В любом случае, автор не вдается в дебри сугубо научных споров вокруг того или иного исторического факта. Так, для него совсем не интересна “мучительно скучная полемика” вокруг происхождения слова “Русь”. А несколько страниц, на которых идет речь о спорах вокруг норманнской теории, служат лишь вступлением к рассказу о том, как отдельные области первого русского государства выбрали для себя неодинаковые пути развития и как жители северо-восточных — московских — территорий переродились под татарским влиянием в отличие от населения Южной Руси.

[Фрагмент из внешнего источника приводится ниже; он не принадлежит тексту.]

theorem paracompact_space_t_fibre:
  assumes lc: "locally_compact_space TG" and HM: "Hausdorff_space TM" and "Lindelof_space TM"
    and x: "x \<in> M" and Hx: "Hausdorff_space (subtopology TG (t_fibre x))"
  shows "paracompact_space (subtopology TG (t_fibre x))"
proof -
  obtain S where "sigma_compactin TG S" "i ` S \<subseteq> S" "u ` M \<subseteq> TG interior_of S"
    using exists_sigma_compact_unit_nbhd lc \<open>Lindelof_space TM\<close> by blast
  with HM interpret groupoid_with_unit_nbhd TG TM t s u i m S
    by (intro groupoid_with_unit_nbhd.intro topological_groupoid_axioms
        groupoid_with_unit_nbhd_axioms.intro)
  obtain \<P> where \<P>: "pairwise disjnt \<P>" "\<Union>\<P> = t_fibre x"
    "\<And>P. P \<in> \<P> \<Longrightarrow> openin (subtopology TG (t_fibre x)) P" "\<And>P. P \<in> \<P> \<Longrightarrow> sigma_compactin TG P"
    using t_fibre_open_sigma_compact_partition [of x] by blast
  have "closedin TG (t_fibre x)"
    using closedin_continuous_map_preimage [OF continuous_target
        closedin_t1_singleton [OF Hausdorff_imp_t1_space [OF HM] x]] by simp
  with lc Hx have reg: "regular_space (subtopology TG (t_fibre x))"
    by (blast intro: locally_compact_Hausdorff_imp_regular_space locally_compact_space_closed_subset)
  show ?thesis
  proof (rule paracompact_space_open_partition [OF \<P>(1)])
    show "topspace (subtopology TG (t_fibre x)) \<subseteq> \<Union>\<P>"
      using \<P>(2) by simp
    fix P assume "P \<in> \<P>"
    then show "openin (subtopology TG (t_fibre x)) P" by (rule \<P>(3))
    have "P \<subseteq> t_fibre x" using \<P>(2) \<open>P \<in> \<P>\<close> by blast
    then have "Lindelof_space (subtopology (subtopology TG (t_fibre x)) P)"
      using sigma_compactin_imp_Lindelof_space [OF \<P>(4) [OF \<open>P \<in> \<P>\<close>]]
      by (simp add: subtopology_subtopology Int_absorb1)
    with regular_space_subtopology [OF reg]
    show "paracompact_space (subtopology (subtopology TG (t_fibre x)) P)"
      by (rule regular_Lindelof_imp_paracompact_space)
  qed
qed

end

section \<open>Lie groupoids\<close>

lemma smooth_map_imp_continuous_map: "smooth_map X A Y B f \<Longrightarrow> continuous_map X Y f"
  by (simp add: smooth_map_def smooth_map_on_def)

lemma smooth_on_subset_imp_continuous_map:
  assumes smooth: "smooth_on_subset X A S Y B f"
  shows "continuous_map (subtopology X S) Y f"
proof -
  obtain W F where WF: "\<And>p. p \<in> S \<Longrightarrow> openin X (W p) \<and> p \<in> W p \<and>
      smooth_map_on X A (W p) Y B (F p) \<and> (\<forall>q\<in>W p \<inter> S. F p q = f q)"
    using smooth unfolding smooth_on_subset_def by metis
  have local_cont: "continuous_map (subtopology (subtopology X S) (S \<inter> W p)) Y f" if "p \<in> S" for p
  proof -
    have "continuous_map (subtopology X (W p)) Y (F p)"
      using WF [OF that] by (simp add: smooth_map_on_def)
    then have "continuous_map (subtopology X (S \<inter> W p)) Y (F p)"
      by (metis continuous_map_from_subtopology inf_commute subtopology_subtopology)
    then have "continuous_map (subtopology X (S \<inter> W p)) Y f"
      by (rule continuous_map_eq) (use WF [OF that] in auto)
    then show ?thesis
      by (simp add: subtopology_subtopology)
  qed
  show ?thesis
    by (rule pasting_lemma [where I = S and T = "\<lambda>p. S \<inter> W p" and f = "\<lambda>_. f"])
       (use WF local_cont in \<open>auto intro: openin_subtopology_Int2\<close>)
qed

lemma locally_compact_space_of_smooth_atlas:
  fixes A :: "('x set \<times> ('x \<Rightarrow> 'e::euclidean_space)) set"
  assumes "smooth_atlas X A"
  shows "locally_compact_space X"
  unfolding locally_compact_space_def
proof
  fix g assume g: "g \<in> topspace X"
  have charts: "\<forall>c\<in>A. chart_in X c" and cover: "\<Union>(fst ` A) = topspace X"
    using assms unfolding smooth_atlas_def by auto
  with g obtain c where "c \<in> A" "g \<in> fst c"
    by blast
  then obtain U \<phi> where "(U, \<phi>) \<in> A" "g \<in> U"
    by (metis prod.collapse)
  then have U: "openin X U" "open (\<phi> ` U)" "homeomorphic_map (subtopology X U) (top_of_set (\<phi> ` U)) \<phi>"
    using charts unfolding chart_in_def by auto
  have "locally_compact_space (top_of_set (\<phi> ` U))"
    using U(2) by (intro locally_compact_space_open_subset) (auto intro: locally_compact_space_euclidean)
  moreover have "subtopology X U homeomorphic_space top_of_set (\<phi> ` U)"
    unfolding homeomorphic_space using U(3) by blast
  ultimately have "locally_compact_space (subtopology X U)"
    by (simp add: homeomorphic_locally_compact_space)
  moreover have "g \<in> topspace (subtopology X U)"
    using g \<open>g \<in> U\<close> by simp
  ultimately obtain V K where "openin (subtopology X U) V" "compactin (subtopology X U) K" "g \<in> V" "V \<subseteq> K"
    unfolding locally_compact_space_def by meson
  then have "openin X V" "compactin X K" "g \<in> V" "V \<subseteq> K"
    by (simp_all add: openin_open_subtopology [OF U(1)] compactin_subtopology)
  then show "\<exists>V K. openin X V \<and> compactin X K \<and> g \<in> V \<and> V \<subseteq> K"
    by blast
qed

lemma lie_groupoid_imp_topological_groupoid:
  assumes "lie_groupoid TG AG TM AM t s u i m"
  shows "topological_groupoid TG TM t s u i m"
proof -
  note L = assms [unfolded lie_groupoid_def Let_def]
  then have smooth: "submersion TG AG TM AM t" "smooth_map TG AG TM AM s" "smooth_map TM AM TG AG u"
      "smooth_map TG AG TG AG i"
      "smooth_on_subset (prod_topology TG TG) (prod_atlas AG AG)
         {(g, h). g \<in> topspace TG \<and> h \<in> topspace TG \<and> s g = t h} TG AG (case_prod m)"
    by blast+
  show ?thesis
  proof unfold_locales
    show "continuous_map TG TM t"
      using smooth(1) unfolding submersion_def by (blast intro: smooth_map_imp_continuous_map)
    show "continuous_map TG TM s" "continuous_map TM TG u" "continuous_map TG TG i"
      using smooth(2-4) by (simp_all add: smooth_map_imp_continuous_map)
    show "continuous_map (subtopology (prod_topology TG TG)
        {(g, h). g \<in> topspace TG \<and> h \<in> topspace TG \<and> s g = t h}) TG (case_prod m)"
      using smooth(5) by (rule smooth_on_subset_imp_continuous_map)
  qed (use L in auto)
qed

theorem lemma13p1:
  fixes TG :: "'g topology" and AG :: "('g set \<times> ('g \<Rightarrow> 'e::euclidean_space)) set"
    and TM :: "'m topology" and AM :: "('m set \<times> ('m \<Rightarrow> 'f::euclidean_space)) set"
    and t s :: "'g \<Rightarrow> 'm" and u :: "'m \<Rightarrow> 'g" and i :: "'g \<Rightarrow> 'g" and m :: "'g \<Rightarrow> 'g \<Rightarrow> 'g"
    and x :: 'm
  assumes "lie_groupoid TG AG TM AM t s u i m"
    and "x \<in> topspace TM"
  shows "paracompact_space (subtopology TG {g \<in> topspace TG. t g = x})"
proof -
  note L = assms(1) [unfolded lie_groupoid_def Let_def]
  interpret topological_groupoid TG TM t s u i m
    using assms(1) by (rule lie_groupoid_imp_topological_groupoid)
  show ?thesis
  proof (rule paracompact_space_t_fibre)
    show "locally_compact_space TG"
      using L by (blast intro: locally_compact_space_of_smooth_atlas)
    show "Lindelof_space TM"
      using L by (blast intro: second_countable_imp_Lindelof_space)
  qed (use L assms(2) in auto)
qed

end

Вообще в разговоре о домонгольском и послемонгольском русиче симпатии автора явно остаются на стороне первого, которому “был неведом даже такой атрибут военного искусства, как отступление”. К тому же наши предки, еще не “наглотавшиеся татарщины всласть” (эта строка баллады А.К. Толстого автору “Парадоксов…” особенно близка), не утратили свободы, которой, по общему убеждению, традиционно не хватает русскому человеку, испокон веку живущему в “системе абсолютного рабства”. Впрочем, то, что пагубно влияет на конкретную личность, благотворно сказывается на государстве. И если “украинский народ, находившийся всего несколько десятков лет под варварско-азиатским гнетом (речь идет об украинском народе во времена татаро-монгольского ига! — Н.И.)… в большем достатке, чем его северо-восточный сородич, сохранил в себе устои русского человека добатыевых времен, преумножив их плодами западноевропейской цивилизации”, то он же и лишился возможности создавать свою государственность на каких бы то ни было началах, попав на столетия под польско-литовское католическое владычество.

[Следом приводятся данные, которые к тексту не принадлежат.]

lemma kernel_log_hyp_strict_max:
  assumes "0 < t" "t < 1" "0 < C"
  obtains m where "0 < m" "\<And>E. 0 < E \<Longrightarrow> E \<noteq> m \<Longrightarrow> kernel_log_hyp t C E < kernel_log_hyp t C m"
proof -
  obtain m where m: "0 < m" "kernel_log_hyp_numer t C m = 0"
    using kernel_log_hyp_numer_pos_root[OF assms] .
  show thesis
  proof (rule that[OF \<open>0 < m\<close>])
    fix E :: real assume "0 < E" "E \<noteq> m"
    show "kernel_log_hyp t C E < kernel_log_hyp t C m"
    proof (rule strict_max_of_deriv_sign_change
        [where a = 0 and f = "kernel_log_hyp t C" and f' = "\<lambda>x. kernel_log_hyp_numer t C x / (4*x^2)"])
      fix x :: real
      show "0 < x \<Longrightarrow> (kernel_log_hyp t C has_real_derivative kernel_log_hyp_numer t C x / (4*x^2)) (at x)"
        using kernel_log_hyp_has_derivative assms by blast
      show "0 < x \<Longrightarrow> x < m \<Longrightarrow> 0 < kernel_log_hyp_numer t C x / (4*x^2)"
        using kernel_log_hyp_numer_strict_antimono[of t C x m] assms m by simp
      show "m < x \<Longrightarrow> kernel_log_hyp_numer t C x / (4*x^2) < 0"
        using kernel_log_hyp_numer_strict_antimono[of t C m x] assms m by (simp add: divide_neg_pos)
    qed (use \<open>0 < m\<close> \<open>0 < E\<close> \<open>E \<noteq> m\<close> in auto)
  qed
qed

Тема “трех братских народов” вообще одна из “наболевших” для А. Шапрана. И здесь нельзя пройти мимо одного его замечания. Неоднократно фиксируя внимание читателя на том, что Северо-Восточная и Южная Русь постепенно пошли каждая по своему пути, в результате чего между людьми, их населявшими, возникли существенные различия, которые и сказались в ХVII веке в ходе объединения (не воссоединения!), автор в самом начале своего рассказа утверждает, что “на все территории” Киевской Руси “может претендовать любая из трех сторон — Украина, Россия, Белоруссия”. Читатель волен выбирать — искать ли ему в этих словах политический подтекст или довольствоваться историко-культурным смыслом.

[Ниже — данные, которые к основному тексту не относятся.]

lemma tail_fdd_conv_AE_at_0:
  assumes conv: "tail_fdd_conv Mn In M I"
    and M: "prob_space M" and [measurable]: "\<And>t. I t \<in> measurable M (count_space UNIV)"
    and pos: "\<And>n. \<P>(\<omega> in Mn n. In n 0 \<omega>) > 0"
  shows "AE \<omega> in M. I 0 \<omega>"
proof -
  have "(\<lambda>n. \<P>(\<omega> in Mn n. (\<forall>(t, B)\<in>{(0, {True})}. In n t \<omega> \<in> B) \<and> In n 0 \<omega>) / \<P>(\<omega> in Mn n. In n 0 \<omega>))
      \<longlonglongrightarrow> \<P>(\<omega> in M. \<forall>(t, B)\<in>{(0, {True})}. I t \<omega> \<in> B)"
    by (rule tail_fdd_conv_cylinder_tendsto[OF conv]) simp_all
  then have "(\<lambda>n. 1) \<longlonglongrightarrow> \<P>(\<omega> in M. I 0 \<omega>)"
    using pos by (simp add: less_le)
  then have "\<P>(\<omega> in M. I 0 \<omega>) = 1"
    using LIMSEQ_const_iff by metis
  then show ?thesis
    by (simp add: prob_space.prob_Collect_eq_1[OF M])
qed

section \<open>The time-change formula\<close>

abbreviation bool_paths :: "(int \<Rightarrow> bool) measure" where
  "bool_paths \<equiv> PiM UNIV (\<lambda>_::int. count_space UNIV)"

lemma measurable_path:
  "(\<And>t. X t \<in> measurable N (count_space UNIV)) \<Longrightarrow> (\<lambda>\<omega> t. X (g t) \<omega>) \<in> measurable N bool_paths"
  by (rule measurable_PiM_single') auto

lemma stationary_proc_prob_shift:
  assumes stat: "stationary_proc N X" and C: "C \<in> sets bool_paths"
  shows "\<P>(\<omega> in N. (\<lambda>t. X (t + h) \<omega>) \<in> C) = \<P>(\<omega> in N. (\<lambda>t. X t \<omega>) \<in> C)"
proof -
  have X: "\<And>t. X t \<in> measurable N (count_space UNIV)"
    and distr_eq: "distr N bool_paths (\<lambda>\<omega> t. X (t + h) \<omega>) = distr N bool_paths (\<lambda>\<omega> t. X t \<omega>)"
    using stat unfolding stationary_proc_def by blast+
  have "(\<lambda>\<omega> t. X (t + h) \<omega>) \<in> measurable N bool_paths" "(\<lambda>\<omega> t. X t \<omega>) \<in> measurable N bool_paths"
    by (rule measurable_path[OF X])+
  then have "measure N ((\<lambda>\<omega> t. X (t + h) \<omega>) -` C \<inter> space N) = measure N ((\<lambda>\<omega> t. X t \<omega>) -` C \<inter> space N)"
    using distr_eq C by (metis measure_distr)
  then show ?thesis by (simp add: vimage_def Int_def conj_commute)
qed

definition time_change :: "'a measure \<Rightarrow> (int \<Rightarrow> 'a \<Rightarrow> bool) \<Rightarrow> bool" where
  "time_change M I \<longleftrightarrow> (\<forall>s. \<forall>C\<in>sets bool_paths.
     \<P>(\<omega> in M. I s \<omega> \<and> (\<lambda>t. I t \<omega>) \<in> C) = \<P>(\<omega> in M. I (- s) \<omega> \<and> (\<lambda>t. I (t - s) \<omega>) \<in> C))"

lemma tail_fdd_conv_time_change_cylinder:
  fixes Cs :: "(int \<times> bool set) set"
  assumes conv: "tail_fdd_conv Mn In M I" and stat: "\<And>n. stationary_proc (Mn n) (In n)"
    and "finite Cs"
  shows "\<P>(\<omega> in M. I s \<omega> \<and> (\<forall>(t, B)\<in>Cs. I t \<omega> \<in> B))
       = \<P>(\<omega> in M. I (- s) \<omega> \<and> (\<forall>(t, B)\<in>Cs. I (t - s) \<omega> \<in> B))"
proof -
  define Cs1 where "Cs1 = insert (s, {True}) Cs"
  define Cs2 where "Cs2 = insert (- s, {True}) ((\<lambda>(t, B). (t - s, B)) ` Cs)"
  have "finite Cs1" "finite Cs2" using \<open>finite Cs\<close> by (simp_all add: Cs1_def Cs2_def)
  have "\<P>(\<omega> in Mn n. (\<forall>(t, B)\<in>Cs1. In n t \<omega> \<in> B) \<and> In n 0 \<omega>)
      = \<P>(\<omega> in Mn n. (\<forall>(t, B)\<in>Cs2. In n t \<omega> \<in> B) \<and> In n 0 \<omega>)" for n
  proof -
    define D where "D = {y\<in>space bool_paths. y 0 \<and> y (- s) \<and> (\<forall>(t, B)\<in>Cs. y (t - s) \<in> B)}"
    have "D \<in> sets bool_paths"
      unfolding D_def case_prod_beta by measurable
    from stationary_proc_prob_shift[OF stat this, where h = s]
    show ?thesis by (simp add: D_def Cs1_def Cs2_def space_PiM case_prod_beta conj_ac)
  qed
  moreover have "(\<lambda>n. \<P>(\<omega> in Mn n. (\<forall>(t, B)\<in>Cs1. In n t \<omega> \<in> B) \<and> In n 0 \<omega>) / \<P>(\<omega> in Mn n. In n 0 \<omega>))
      \<longlonglongrightarrow> \<P>(\<omega> in M. \<forall>(t, B)\<in>Cs1. I t \<omega> \<in> B)"
    by (rule tail_fdd_conv_cylinder_tendsto[OF conv]) (simp_all add: \<open>finite Cs1\<close>)
  moreover have "(\<lambda>n. \<P>(\<omega> in Mn n. (\<forall>(t, B)\<in>Cs2. In n t \<omega> \<in> B) \<and> In n 0 \<omega>) / \<P>(\<omega> in Mn n. In n 0 \<omega>))
      \<longlonglongrightarrow> \<P>(\<omega> in M. \<forall>(t, B)\<in>Cs2. I t \<omega> \<in> B)"
    by (rule tail_fdd_conv_cylinder_tendsto[OF conv]) (simp_all add: \<open>finite Cs2\<close>)
  ultimately have "\<P>(\<omega> in M. \<forall>(t, B)\<in>Cs1. I t \<omega> \<in> B) = \<P>(\<omega> in M. \<forall>(t, B)\<in>Cs2. I t \<omega> \<in> B)"
    using LIMSEQ_unique by simp
  then show ?thesis by (simp add: Cs1_def Cs2_def case_prod_beta)
qed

Там, где события позволяют сформировать к ним определенное мнение, А. Шапран получает простор для творчества и, в целом ведя рассказ более или менее сдержанно, умело подводит читателя к кульминационным моментам повествования, после чего с пылом “бросается” в патетические отступления. Тут уже не до чистоты стиля! Приведем хотя бы один из таких эмоциональных фрагментов — об уже упомянутом нами первом русском царе, которого автор уверенно характеризует как психически неуравновешенного “маньяка”, на протяжении всего своего царствования “просто удовлетворявшего свою патологическую страсть к убийству”:
“Счастье Ивана в том, что через 400 лет после его появления на свет, в угоду господствующей тогда идеологии, в силу требований политической конъюнктуры и с целью отождествления его с действующей на тот момент в стране тиранией, личность его пережила не только реабилитацию, но и была в некоторой степени вознесена в умах соотечественников на пьедестал славы и величия. <…> И вот царь, доведший страну до страшной разрухи, а народ до полного разорения и обнищания и не только до скитания и бродяжничества, но и до массовой миграции за рубеж, царь, потерпевший тяжелое поражение в войне, в результате которой потерял море <…>, царь, поставивший страну на край катастрофы и вплотную подведший ее к такому страшному явлению нашей истории, как Смута, вдруг через четыре столетия спустя предстает перед потомками в совсем ином облике, чем заслуживал и оставался все эти предыдущие столетия. И насколько же живуч оказался этот новый облик! С ним очень неохотно расстается наш соотечественник. Видимо, въевшееся в кровь и сознание наших людей согласие с необузданной тиранией, с неограниченным произволом власти, беззаконием и деспотизмом располагает к положительным эмоциям при восприятии такой личности, как Иван Грозный…”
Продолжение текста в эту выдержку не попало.